Longitudinal Designs: Panel studies and brand tracking over extended periods could examine how ambiguous messaging strategies influence brand relationship development and authenticity perceptions over time.

4.7. Conclusion

This systematic literature review resolves the longstanding ambiguity–authenticity paradox by demonstrating that ambiguous advertising can both enhance and undermine authenticity, depending on context, perceived intention, and consumer characteristics. The Dual Pathways to Authenticity Model provides the first integrated theoretical explanation for these divergent outcomes, offering a coherent framework that unites previously fragmented findings across marketing, linguistics, psychology, and communication.

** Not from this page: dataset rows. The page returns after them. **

lemma mI_gcomp_vmor_after_morphism:
  assumes "is_graph G" and "is_graph G'" and m: "is_morphism G G' \<Phi>"
  shows "mI (gcomp (agg G) (agg G') (quot G') (vmor G') \<Phi>) f =
     (if f \<in> inner G then inv G f
      else if f \<in> outer G - mF \<Phi> ` outer G' then tinv G' \<Phi> f
      else undefined)"
proof -
  have inj: "inj_on (mF \<Phi>) (flags G')"
    by (rule morphism_mF_inj[OF m])
  note rhs = mI_gcomp_vmor_after[OF inj, of G f]
  show ?thesis
  proof (cases "f \<in> mF \<Phi> ` flags G'")
    case False
    then have "f \<notin> mF \<Phi> ` inner G'" "f \<notin> mF \<Phi> ` outer G'"
      using inner_subset_flags[of G'] outer_subset_flags[of G'] by auto
    moreover have "f \<in> inner G \<Longrightarrow> mI \<Phi> f = inv G f"
      using False morphism_inv_mI[OF m] unfolding inner_def by auto
    ultimately show ?thesis
      unfolding rhs tinv_def using False flags_inner_or_outer[of f G] outer_subset_flags[of G]
        inner_subset_flags[of G] inner_not_outer[of f G]
      by auto
  next
    case True
    then obtain f' where f': "f' \<in> flags G'" "f = mF \<Phi> f'" by auto
    have f_image: "f \<in> mF \<Phi> ` A \<longleftrightarrow> f' \<in> A" if "A \<subseteq> flags G'" for A
      using inj_on_image_mem_iff[OF inj f'(1) that] f'(2) by simp
    have inv_f: "inv_into (flags G') (mF \<Phi>) f = f'"
      using inv_into_f_f[OF inj f'(1)] f'(2) by simp
    then have tinv_f: "tinv G' \<Phi> f = mF \<Phi> (inv G' f')"
      using True unfolding tinv_def by simp
    show ?thesis
    proof (cases "f' \<in> outer G'")
      case True
      then show ?thesis
        unfolding rhs using morphism_mF_outer[OF m] f' f_image[OF inner_subset_flags]
          f_image[OF outer_subset_flags] inner_not_outer[of f G] inner_not_outer[of f' G']
        by auto
    next
      case False
      with f' have "f' \<in> inner G'"
        using flags_inner_or_outer[of f' G'] by blast
      moreover have "f \<in> inner G \<Longrightarrow> inv G f = mF \<Phi> (inv G' f')"
        using morphism_inv_mF[OF m] f' unfolding inner_def by auto
      ultimately show ?thesis
        unfolding rhs tinv_f inv_f using f' False f_image[OF inner_subset_flags]
          f_image[OF outer_subset_flags] flags_inner_or_outer[of f G] morphism_mF[OF m]
        by auto
    qed
  qed
qed
lemma B2_row_0:
  assumes p: "1 \<le> p" and m: "m < N+p+1"
  shows "B2 p N b $$ (0, m) = (- (L2 p N b ^\<^sub>m Suc p)) $$ (0, m)"
proof -
  have "consec_sum p N b (- int p) = b 0"
    using sum.int_window_last[of "zext N b" 0 p] by (simp add: consec_sum_def zext_def)
  moreover have "row_b p N b (Suc p) m = (if m = p + 1 then 1 else 0) + (if m = 0 then b 0 else 0)"
    using p m by (auto simp: row_b_Suc row_b_upto_p)
  ultimately show ?thesis
    using m by (simp add: B2_index row_b_def)
qed

lemma col_b_add_p:
  assumes p: "1 \<le> p" and m: "m < N+p+1"
  shows "col_b p N b (j + p) m
    = (if m + 1 < N+p+1 then col_b p N b j (m + 1) else 0) + (if p \<le> m then b (m - p) * col_b p N b j (m - p) else 0)"
proof -
  have d: "(j + p) div p = Suc (j div p)" "(j + p) mod p = j mod p"
    using p by auto
  have l: "j mod p < N+p+1"
    using p by (auto intro: less_le_trans[of _ p])
  show ?thesis
    unfolding col_b_def d pow_mat_Suc_left[OF L2_carrier] L2_mult_left[OF pow_carrier_mat[OF L2_carrier] m l] ..
qed

lemma col_b_below_p: "j < p \<Longrightarrow> m < N+p+1 \<Longrightarrow> col_b p N b j m = (if m = j then 1 else 0)"
  by (simp add: col_b_def)

lemma col_b_lower:
  assumes p: "1 \<le> p"
  shows "j < m \<Longrightarrow> m < N+p+1 \<Longrightarrow> col_b p N b j m = 0"
proof (induction j arbitrary: m rule: less_induct)
  case (less j)
  show ?case
  proof (cases "j < p")
    case True
    then show ?thesis using less.prems by (simp add: col_b_below_p)
  next
    case False
    then obtain j' where "j = j' + p" by (metis add.commute le_add_diff_inverse not_less)
    then show ?thesis
      using less.IH[of j'] less.prems p by (simp add: col_b_add_p[OF p])
  qed
qed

By focusing on a final dataset composed exclusively of ambiguous-message studies, the review clarifies that authenticity does not arise solely from transparency or clarity. Instead, authenticity can emerge from interpretive freedom, depth, inclusiveness, and moral nuance—qualities often inherent in ambiguous communication. At the same time, ambiguity carries the risk of appearing evasive or deceptive, particularly in high-stakes or utilitarian contexts.

This review lays the conceptual foundation for future scholarship on linguistic creativity, consumer interpretation, and authenticity formation. By identifying the conditions under which ambiguity becomes a signal of depth rather than deception, the study advances both academic theory and practical understanding of one of advertising’s most complex rhetorical tools.